![]() ![]() | ![]() | ||
Na een verbinding via de LAN-faxmodus verstuurt deze functie de communicatieresultaten met de computer via e-mail.
Als u [Verzenden] of [Afdrukken & verzenden] heeft gebruikt met LAN-fax, wordt na een geslaagde verbinding een e-mail verzonden met het verzendresultaat.
Een kennisgeving van het verzendresultaat wordt via e-mail verzonden wanneer het afdrukken is voltooid, of als zich een fout voordoet tijdens de verbinding tussen dit apparaat en een computer.
Klik op het tabblad [E-mailinstellingen].
Schakel het selectievakje [Melden] in onder [Result. e-mailverz.].
Voer de bestemming in.
Als u het e-mailadres rechtstreeks invoert, klik u op het keuzerondje [Bestemmingen opgeven] en voert u vervolgens het e-mailadres in het veld [Bestemmingen opgeven] in.
Als u het adres invoert dat in het apparaat is geprogrammeerd, klikt u op het keuzerondje [Apparaatadres] en voert u vervolgens het registratienummer van de Bestemmingtoets in het veld [Apparaatadres].

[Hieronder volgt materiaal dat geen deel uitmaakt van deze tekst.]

(* Let $\mathrm{2RR}=\textsc{RoundRobin}(\mathrm{ALG}_{\mathrm{fail}},\mathrm{ALG}_{\mathrm{succ}};1,1)$. Then for every instance $I$ of Stochastic Score Classification, $$\mathbb{E}[\mathrm{cost}(\mathrm{2RR},I)]\le 6\cdot \mathbb{E}[\mathrm{cost}(\mathrm{OPT},I)],$$ i.e., $\mathrm{2RR}$ is a 6-approximation algorithm for SSC.
   Context: An instance $I$ of Stochastic Score Classification (SSC) consists of tests $N=\{1,\dots,n\}$, costs $c_j\ge 0$, success probabilities $p_j\in(0,1)$, and integers $0=t_1<t_2<\dots<t_B<t_{B+1}=n+1$. The outcome vector $x\in\{0,1\}^N$ has independent coordinates with $\Pr[x_j=1]=p_j$ (test $j$ succeeds iff $x_j=1$, otherwise it fails). The score $f(x)$ is the unique $i\in\{1,\dots,B\}$ with $t_i\le\|x\|_1\le t_{i+1}-1$. A (possibly adaptive) strategy conducts tests one at a time, each at most once, the choice of the next test possibly depending on outcomes observed so far, and stops as soon as $f(x)$ is determined (i.e., all $x'\in\{0,1\}^N$ agreeing with $x$ on the conducted tests have $f(x')=f(x)$). $\mathrm{cost}(S,I)$ is the random total cost of the tests conducted by strategy $S$ on $I$. $\mathrm{OPT}$ is a fixed strategy minimizing $\mathbb{E}[\mathrm{cost}(S,I)]$ over all adaptive strategies $S$. Let $\sigma_{\mathrm{fail}},\sigma_{\mathrm{succ}}$ be permutations of $N$ (ties broken arbitrarily) such that $c_{\sigma_{\mathrm{fail}}(1)}/(1-p_{\sigma_{\mathrm{fail}}(1)})\le\dots\le c_{\sigma_{\mathrm{fail}}(n)}/(1-p_{\sigma_{\mathrm{fail}}(n)})$ and $c_{\sigma_{\mathrm{succ}}(1)}/p_{\sigma_{\mathrm{succ}}(1)}\le\dots\le c_{\sigma_{\mathrm{succ}}(n)}/p_{\sigma_{\mathrm{succ}}(n)}$. $\mathrm{ALG}_{\mathrm{fail}},\mathrm{ALG}_{\mathrm{succ}}$ denote the orders of tests given by $\sigma_{\mathrm{fail}},\sigma_{\mathrm{succ}}$. $\textsc{RoundRobin}(\mathrm{ALG}_1,\dots,\mathrm{ALG}_k;\alpha_1,\dots,\alpha_k)$, for fixed orders $\mathrm{ALG}_h$ of $N$ and weights $\alpha_h>0$: initialize $C_h=0$ for all $h$; while $f(x)$ is not determined, for each $h$ let $\delta_h$ be the cost of the first test in the order $\mathrm{ALG}_h$ that has not yet been conducted by the scheme, choose $h^\star\in\arg\min_h (C_h+\delta_h)/\alpha_h$ (ties arbitrary), conduct that test of $\mathrm{ALG}_{h^\star}$, and set $C_{h^\star}\leftarrow C_{h^\star}+\delta_{h^\star}$. *)

theory Defs
  imports Complex_Main
begin

text \<open>Tests are N = {1..n}. An outcome vector x is represented by the set X of
succeeding tests (X \<subseteq> {1..n}). Thresholds t 1 = 0 < t 2 < ... < t (B+1) = n+1.\<close>

definition score :: "nat \<Rightarrow> (nat \<Rightarrow> nat) \<Rightarrow> nat \<Rightarrow> nat" where
  "score B t k = (THE i. i \<in> {1..B} \<and> t i \<le> k \<and> k \<le> t (i+1) - 1)"

definition determined :: "nat \<Rightarrow> nat \<Rightarrow> (nat \<Rightarrow> nat) \<Rightarrow> nat set \<Rightarrow> nat set \<Rightarrow> bool" where
  "determined n B t T X \<longleftrightarrow>
     (\<forall>X'. X' \<subseteq> {1..n} \<longrightarrow> X' \<inter> T = X \<inter> T \<longrightarrow> score B t (card X') = score B t (card X))"

definition prob :: "nat \<Rightarrow> (nat \<Rightarrow> real) \<Rightarrow> nat set \<Rightarrow> real" where
  "prob n p X = (\<Prod>j\<in>X. p j) * (\<Prod>j\<in>{1..n} - X. 1 - p j)"

text \<open>A history is the list of (test, outcome) pairs observed so far.\<close>
definition cost :: "(nat \<Rightarrow> real) \<Rightarrow> (nat \<times> bool) list \<Rightarrow> real" where
  "cost c h = (\<Sum>(j,b)\<leftarrow>h. c j)"

definition expected_cost ::
  "nat \<Rightarrow> (nat \<Rightarrow> real) \<Rightarrow> (nat \<Rightarrow> real) \<Rightarrow> (nat set \<Rightarrow> (nat \<times> bool) list) \<Rightarrow> real" where
  "expected_cost n p c run = (\<Sum>X\<in>Pow {1..n}. prob n p X * cost c (run X))"

definition valid_strategy :: "nat \<Rightarrow> ((nat \<times> bool) list \<Rightarrow> nat) \<Rightarrow> bool" where
  "valid_strategy n \<sigma> \<longleftrightarrow>
     (\<forall>h. distinct (map fst h) \<and> set (map fst h) \<subseteq> {1..n} \<and> length h < n
          \<longrightarrow> \<sigma> h \<in> {1..n} - set (map fst h))"

text \<open>Execution of an adaptive strategy on outcome X (fuel bounds number of steps;
n steps always suffice for valid strategies).\<close>
primrec strat_run ::
  "nat \<Rightarrow> nat \<Rightarrow> (nat \<Rightarrow> nat) \<Rightarrow> ((nat \<times> bool) list \<Rightarrow> nat) \<Rightarrow> nat set \<Rightarrow> nat
     \<Rightarrow> (nat \<times> bool) list \<Rightarrow> (nat \<times> bool) list" where
  "strat_run n B t \<sigma> X 0 h = h"
| "strat_run n B t \<sigma> X (Suc k) h =
     (if determined n B t (set (map fst h)) X then h
      else strat_run n B t \<sigma> X k (h @ [(\<sigma> h, \<sigma> h \<in> X)]))"

definition strategy_outcome ::
  "nat \<Rightarrow> nat \<Rightarrow> (nat \<Rightarrow> nat) \<Rightarrow> ((nat \<times> bool) list \<Rightarrow> nat) \<Rightarrow> nat set \<Rightarrow> (nat \<times> bool) list" where
  "strategy_outcome n B t \<sigma> X = strat_run n B t \<sigma> X n []"

text \<open>RoundRobin(ALG_1, ALG_2; 1, 1). Ties in the argmin are broken by an arbitrary
rule tb (tb h = True means choose ALG_1), which may depend on the history.\<close>
primrec rr_run ::
  "nat \<Rightarrow> nat \<Rightarrow> (nat \<Rightarrow> nat) \<Rightarrow> (nat \<Rightarrow> real) \<Rightarrow> nat list \<Rightarrow> nat list
     \<Rightarrow> ((nat \<times> bool) list \<Rightarrow> bool) \<Rightarrow> nat set \<Rightarrow> nat \<Rightarrow> real \<Rightarrow> real
     \<Rightarrow> (nat \<times> bool) list \<Rightarrow> (nat \<times> bool) list" where
  "rr_run n B t c o1 o2 tb X 0 C1 C2 h = h"
| "rr_run n B t c o1 o2 tb X (Suc k) C1 C2 h =
     (if determined n B t (set (map fst h)) X then h
      else
        (let T = set (map fst h);
             j1 = hd (filter (\<lambda>j. j \<notin> T) o1);
             j2 = hd (filter (\<lambda>j. j \<notin> T) o2);
             v1 = (C1 + c j1);
             v2 = (C2 + c j2)
         in if v1 < v2 \<or> (v1 = v2 \<and> tb h)
            then rr_run n B t c o1 o2 tb X k (C1 + c j1) C2 (h @ [(j1, j1 \<in> X)])
            else rr_run n B t c o1 o2 tb X k C1 (C2 + c j2) (h @ [(j2, j2 \<in> X)])))"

Het veld [Apparaatadres] is niet beschikbaar als [Bestemmingen opgeven] is geselecteerd omdat u dan geen tekst in het tekstvak kunt invoeren.
Klik op [Verzenden] of [Afdrukken & verzenden].
![]()
U kunt verzendresultaten bevestigen via zowel de functie E-mail TX resultaten, die de resultaten per e-mail verstuurt, als het communicatieresultaatrapport. U kunt instellen of u beide gecombineerd wilt gebruiken in gebruikerparameter (schakelaar 10, bit 6) van het menu Faxeigenschappen. Zie “Parameterinstellingen”.

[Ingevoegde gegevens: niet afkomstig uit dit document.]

(* Let $\epsilon>0$, $\delta\ge0$, $n\ge1$, let $\mathscr X$ be any set, and let $T:\mathscr X^n\to\mathbb{Z}$ satisfy $\sup|T(X)-T(X')|=1$, where the supremum is over all pairs $(X,X')\in\mathscr X^n\times\mathscr X^n$ with Hamming distance $\delta(X,X')=1$. Then the set of distributions $\big\{\mathrm{Tulap}\big(T(X),b=e^{-\epsilon},\tfrac{2\delta b}{1-b+2\delta b}\big)\ \big|\ X\in\mathscr X^n\big\}$ satisfies $(\epsilon,\delta)$-differential privacy.
   Context: The Hamming distance on $\mathscr X^n$ is $\delta(X,X')=\#\{i: X_i\ne X'_i\}$. A family $\{P_X: X\in\mathscr X^n\}$ of probability measures on a measurable space $(\mathscr Y,\mathscr F)$ satisfies $(\epsilon,\delta)$-differential privacy if for every $B\in\mathscr F$ and all $X,X'\in\mathscr X^n$ with $\delta(X,X')=1$, $P_X(B)\le e^\epsilon P_{X'}(B)+\delta$. Nearest integer function: $[t]$ is the integer nearest to $t$, with $[z+1/2]$ ($z\in\mathbb{Z}$) defined as the nearest even integer. Tulap distribution: for $m\in\mathbb{R}$, $b\in(0,1)$, $q\in[0,1)$, $N_0\sim\mathrm{Tulap}(m,b,0)$ has cdf $F_{N_0}(x)=\frac{b^{-[x-m]}}{1+b}\big(b+(x-m-[x-m]+\tfrac12)(1-b)\big)$ for $x\leq [m]$ and $F_{N_0}(x)=1-\frac{b^{[x-m]}}{1+b}\big(b+([x-m]-(x-m)+\tfrac12)(1-b)\big)$ for $x>[m]$; and $N\sim \mathrm{Tulap}(m,b,q)$ has cdf $F_N(x)=\frac{F_{N_0}(x)-q/2}{1-q}\,I\{q/2\leq F_{N_0}(x)\leq 1-q/2\}+I\{F_{N_0}(x)>1-q/2\}$. *)

theory Defs
  imports "HOL-Analysis.Analysis"
begin

definition nearest_int :: "real \<Rightarrow> int" where
  "nearest_int t =
     (if t - of_int \<lfloor>t\<rfloor> = 1/2
      then (if even \<lfloor>t\<rfloor> then \<lfloor>t\<rfloor> else \<lfloor>t\<rfloor> + 1)
      else round t)"

definition tulap0_cdf :: "real \<Rightarrow> real \<Rightarrow> real \<Rightarrow> real" where
  "tulap0_cdf m b x =
     (if x \<le> of_int (nearest_int m)
      then b powi (- nearest_int (x - m)) / (1 + b)
             * (b + (x - m - of_int (nearest_int (x - m)) + 1/2) * (1 - b))
      else 1 - b powi (nearest_int (x - m)) / (1 + b)
             * (b + (of_int (nearest_int (x - m)) - (x - m) + 1/2) * (1 - b)))"

definition tulap_cdf :: "real \<Rightarrow> real \<Rightarrow> real \<Rightarrow> real \<Rightarrow> real" where
  "tulap_cdf m b q x =
     (let F0 = tulap0_cdf m b x in
      (F0 - q/2) / (1 - q) * (if q/2 \<le> F0 \<and> F0 \<le> 1 - q/2 then 1 else 0)
      + (if F0 > 1 - q/2 then 1 else 0))"

definition Tulap :: "real \<Rightarrow> real \<Rightarrow> real \<Rightarrow> real measure" where
  "Tulap m b q = interval_measure (tulap_cdf m b q)"

definition hamming :: "'x list \<Rightarrow> 'x list \<Rightarrow> nat" where
  "hamming X X' = card {i. i < length X \<and> i < length X' \<and> X ! i \<noteq> X' ! i}"

definition differentially_private ::
  "nat \<Rightarrow> ('x list \<Rightarrow> 'y measure) \<Rightarrow> real \<Rightarrow> real \<Rightarrow> bool" where
  "differentially_private n P \<epsilon> \<delta> \<longleftrightarrow>
     (\<forall>X X' B. length X = n \<and> length X' = n \<and> hamming X X' = 1 \<and> B \<in> sets (P X) \<longrightarrow>
        measure (P X) B \<le> exp \<epsilon> * measure (P X') B + \<delta>)"

end

theory Submission
  imports Defs "HOL-Probability.Distribution_Functions"
begin

(* Write b = exp (- \<epsilon>). The cdf A = std_tulap0_cdf b of Tulap(0, b, 0) is continuous,
   satisfies A (- y) = 1 - A y, and A (y - 1) = b * A y for y \<le> 1/2; hence A (y - 1) - b * A y
   is nondecreasing. The cdf of Tulap(k, b, q) is x \<mapsto> \<Psi> (x - k), where \<Psi> = std_tulap_cdf b q
   clamps (A - q/2) / (1 - q) to [0, 1].
   Neighbouring databases give locations k, k' with |k - k'| \<le> 1. For k' = k + 1 split the cdf
   F = \<Psi> (. - k) as F1 + F2 with F1 = max 0 (F - \<delta>), so that F2 has mass \<delta>. Then
   \<Psi> (x - k - 1) / b - F1 x is nondecreasing: between the point where \<Psi> starts and the point
   where it reaches 1 it is a positive multiple of A (y - 1) - b * A y, and the value of q is
   exactly what makes F1 start one unit after \<Psi>. So the measure of Tulap(k + 1, b, q) divided
   by b dominates that of F1, and P_X(B) \<le> e^\<epsilon> P_X'(B) + \<delta>. The case k' = k - 1 follows by
   the symmetry \<Psi> (- y) = 1 - \<Psi> y. *)

lemma isCont_floor_glue:
  fixes g :: "int \<Rightarrow> real \<Rightarrow> real"
  assumes cont: "\<And>n y. isCont (g n) y" and glue: "\<And>n. g n (of_int n) = g (n - 1) (of_int n)"
  shows "isCont (\<lambda>u. g \<lfloor>u\<rfloor> u) x"
  unfolding continuous_at_split
proof
  have "eventually (\<lambda>u. \<lfloor>u\<rfloor> = \<lfloor>x\<rfloor>) (at_right x)"
    using eventually_at_right_real[of x "of_int \<lfloor>x\<rfloor> + 1"]
    by (auto simp: floor_eq_iff elim!: eventually_mono) linarith
  then have "eventually (\<lambda>u. g \<lfloor>x\<rfloor> u = g \<lfloor>u\<rfloor> u) (at_right x)"
    by eventually_elim simp
  moreover have "(g \<lfloor>x\<rfloor> \<longlongrightarrow> g \<lfloor>x\<rfloor> x) (at_right x)"
    using cont[where n="\<lfloor>x\<rfloor>" and y=x] by (simp add: isCont_def filterlim_at_split)
  ultimately show "continuous (at_right x) (\<lambda>u. g \<lfloor>u\<rfloor> u)"
    unfolding continuous_within by (simp add: Lim_transform_eventually)
next
  define m where "m = \<lceil>x\<rceil> - 1"
  have "of_int m < x"
    using ceiling_correct[of x] by (simp add: m_def)
  from eventually_at_left_real[OF this] have "eventually (\<lambda>u. \<lfloor>u\<rfloor> = m) (at_left x)"
    by (rule eventually_mono)
      (use ceiling_correct[of x] in \<open>auto simp: m_def floor_eq_iff intro: less_le_trans[OF _ le_of_int_ceiling]\<close>)
  then have "eventually (\<lambda>u. g m u = g \<lfloor>u\<rfloor> u) (at_left x)"
    by eventually_elim simp
  moreover have "g m x = g \<lfloor>x\<rfloor> x"
  proof (cases "x \<in> \<int>")
    case True
    then show ?thesis using glue[of "\<lfloor>x\<rfloor>"] by (auto simp: m_def elim: Ints_cases)
  next
    case False
    then have "x \<noteq> of_int \<lfloor>x\<rfloor>" using Ints_of_int by metis
    then show ?thesis by (simp add: m_def ceiling_altdef)
  qed
  moreover have "(g m \<longlongrightarrow> g m x) (at_left x)"
    using cont[where n=m and y=x] by (simp add: isCont_def filterlim_at_split)
  ultimately show "continuous (at_left x) (\<lambda>u. g \<lfloor>u\<rfloor> u)"
    unfolding continuous_within by (simp add: Lim_transform_eventually)
qed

Indien er onvoldoende configuraties van de Internetfaxverzending op dit apparaat zijn, of “Naam afzender autom. specificeren” is ingesteld op “Uit”, wordt de e-mail met e-mailverzendings- of LAN-faxresultaten niet verzonden of wordt het LAN-faxresultatenrapport niet afgedrukt. Zie de Handleiding Netwerk- en Systeeminstellingen voor informatie over de internetfaxinstellingen en het LAN-faxresultatenrapport.